TASK TO CARRY OUT: A word-for-word restatement of all the records is the required answer.

Saved data entries:
◇ ◇ ◇ ◇
(* Let $F=\frac1N\sum_{n=1}^N F_n$ on $\mathbb{R}^{d_m\times d_n}$ satisfy the standing assumptions (A1)–(A4) below, and let $\{W^t\}$, $\{B^{t,j}_{k(n),n}\}$, $\{P^t_{k}\}$ be generated by the FedKRSO-SGD iteration described in the context with learning rate $0<\eta\le \frac{r}{16Ld_nJ}$. Then for every round $t\ge 0$, $$\mathbb{E}[F(W^{t+1})]\le \mathbb{E}[F(W^t)]+\frac{2Ld_nJ^2\eta^2}{r}\varsigma^2+\frac{\eta d_n^2L^2}{r^2}Q^t-\frac{3J\eta}{8}\mathbb{E}\big[\|\nabla F(W^t)\|_F^2\big]+\frac{LJ\eta^2d_n^2\sigma^2}{Nr^2},$$ where $Q^t:=\frac1N\sum_{n=1}^N\sum_{j=0}^{J-1}\mathbb{E}\big[\|B^{t,j}_{k(n),n}P^t_{k(n)}\|_F^2\big]$.
   Context: Setting: $N$ clients; each client $n\in[N]$ has a differentiable local objective $F_n:\mathbb{R}^{d_m\times d_n}\to\mathbb{R}$ and the global objective is $F(W)=\frac1N\sum_{n=1}^N F_n(W)$. $\|\cdot\|_F$ is the Frobenius norm. Fix integers $r\ge1$ (rank), $K\ge1$ (number of seeds), $J\ge1$ (local steps), a learning rate $\eta>0$ and an initial matrix $W^0$. FedKRSO-SGD iteration (one interval per round, plain SGD, no momentum): at each round $t=0,1,2,\dots$, random matrices $P^t_1,\dots,P^t_K\in\mathbb{R}^{r\times d_n}$ are drawn, and each client $n$ independently draws an index $k(n)=k(n,t)$ uniformly from $\{1,\dots,K\}$. Client $n$ sets $B^{t,0}_{k(n),n}=0\in\mathbb{R}^{d_m\times r}$ and, for $j=0,\dots,J-1$, with local model $W^{t,j}_n:=W^t+B^{t,j}_{k(n),n}P^t_{k(n)}$, updates $$B^{t,j+1}_{k(n),n}=B^{t,j}_{k(n),n}-\eta\,\hat\nabla f_n(W^{t,j}_n)\,(P^t_{k(n)})^\top,$$ where $\hat\nabla f_n(W)$ is a stochastic gradient computed on a fresh sample. The next global model is $$W^{t+1}=W^t+\frac1N\sum_{n=1}^N B^{t,J}_{k(n),n}P^t_{k(n)}.$$ Standing assumptions: (A1) ($L$-smoothness) For all $n$ and all $W_1,W_2$: $\|\nabla F_n(W_1)-\nabla F_n(W_2)\|_F\le L\|W_1-W_2\|_F$. (A2) (Stochastic gradients) Conditionally on all past randomness and on the random matrices, $\mathbb{E}[\hat\nabla f_n(W)]=\nabla F_n(W)$ and $\mathbb{E}\|\hat\nabla f_n(W)-\nabla F_n(W)\|_F^2\le\sigma^2$ for all $W$; samples are independent across clients and steps. (A3) (Heterogeneity) There is $\varsigma\ge0$ with $\frac1N\sum_{n=1}^N\|\nabla F_n(W)\|_F^2\le\varsigma^2+\|\nabla F(W)\|_F^2$ for all $W$. (A4) (Random matrices) The matrices $\{P^t_k\}_{k\in[K],t}$ are mutually independent, independent of the data sampling and of the index draws, and each satisfies $P^t_k(P^t_k)^\top=\frac{d_n}{r}I_r$ almost surely and $\mathbb{E}[(P^t_k)^\top P^t_k]=I_{d_n}$. *)

theory Defs
  imports "HOL-Probability.Probability"
begin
◇ ◇ ◇ ◇
REPLY TO THE TASK:
(* Let $F=\frac1N\sum_{n=1}^N F_n$ on $\mathbb{R}^{d_m\times d_n}$ satisfy the standing assumptions (A1)–(A4) below, and let $\{W^t\}$, $\{B^{t,j}_{k(n),n}\}$, $\{P^t_{k}\}$ be generated by the FedKRSO-SGD iteration described in the context with learning rate $0<\eta\le \frac{r}{16Ld_nJ}$. Then for every round $t\ge 0$, $$\mathbb{E}[F(W^{t+1})]\le \mathbb{E}[F(W^t)]+\frac{2Ld_nJ^2\eta^2}{r}\varsigma^2+\frac{\eta d_n^2L^2}{r^2}Q^t-\frac{3J\eta}{8}\mathbb{E}\big[\|\nabla F(W^t)\|_F^2\big]+\frac{LJ\eta^2d_n^2\sigma^2}{Nr^2},$$ where $Q^t:=\frac1N\sum_{n=1}^N\sum_{j=0}^{J-1}\mathbb{E}\big[\|B^{t,j}_{k(n),n}P^t_{k(n)}\|_F^2\big]$.
   Context: Setting: $N$ clients; each client $n\in[N]$ has a differentiable local objective $F_n:\mathbb{R}^{d_m\times d_n}\to\mathbb{R}$ and the global objective is $F(W)=\frac1N\sum_{n=1}^N F_n(W)$. $\|\cdot\|_F$ is the Frobenius norm. Fix integers $r\ge1$ (rank), $K\ge1$ (number of seeds), $J\ge1$ (local steps), a learning rate $\eta>0$ and an initial matrix $W^0$. FedKRSO-SGD iteration (one interval per round, plain SGD, no momentum): at each round $t=0,1,2,\dots$, random matrices $P^t_1,\dots,P^t_K\in\mathbb{R}^{r\times d_n}$ are drawn, and each client $n$ independently draws an index $k(n)=k(n,t)$ uniformly from $\{1,\dots,K\}$. Client $n$ sets $B^{t,0}_{k(n),n}=0\in\mathbb{R}^{d_m\times r}$ and, for $j=0,\dots,J-1$, with local model $W^{t,j}_n:=W^t+B^{t,j}_{k(n),n}P^t_{k(n)}$, updates $$B^{t,j+1}_{k(n),n}=B^{t,j}_{k(n),n}-\eta\,\hat\nabla f_n(W^{t,j}_n)\,(P^t_{k(n)})^\top,$$ where $\hat\nabla f_n(W)$ is a stochastic gradient computed on a fresh sample. The next global model is $$W^{t+1}=W^t+\frac1N\sum_{n=1}^N B^{t,J}_{k(n),n}P^t_{k(n)}.$$ Standing assumptions: (A1) ($L$-smoothness) For all $n$ and all $W_1,W_2$: $\|\nabla F_n(W_1)-\nabla F_n(W_2)\|_F\le L\|W_1-W_2\|_F$. (A2) (Stochastic gradients) Conditionally on all past randomness and on the random matrices, $\mathbb{E}[\hat\nabla f_n(W)]=\nabla F_n(W)$ and $\mathbb{E}\|\hat\nabla f_n(W)-\nabla F_n(W)\|_F^2\le\sigma^2$ for all $W$; samples are independent across clients and steps. (A3) (Heterogeneity) There is $\varsigma\ge0$ with $\frac1N\sum_{n=1}^N\|\nabla F_n(W)\|_F^2\le\varsigma^2+\|\nabla F(W)\|_F^2$ for all $W$. (A4) (Random matrices) The matrices $\{P^t_k\}_{k\in[K],t}$ are mutually independent, independent of the data sampling and of the index draws, and each satisfies $P^t_k(P^t_k)^\top=\frac{d_n}{r}I_r$ almost surely and $\mathbb{E}[(P^t_k)^\top P^t_k]=I_{d_n}$. *)

theory Defs
  imports "HOL-Probability.Probability"
begin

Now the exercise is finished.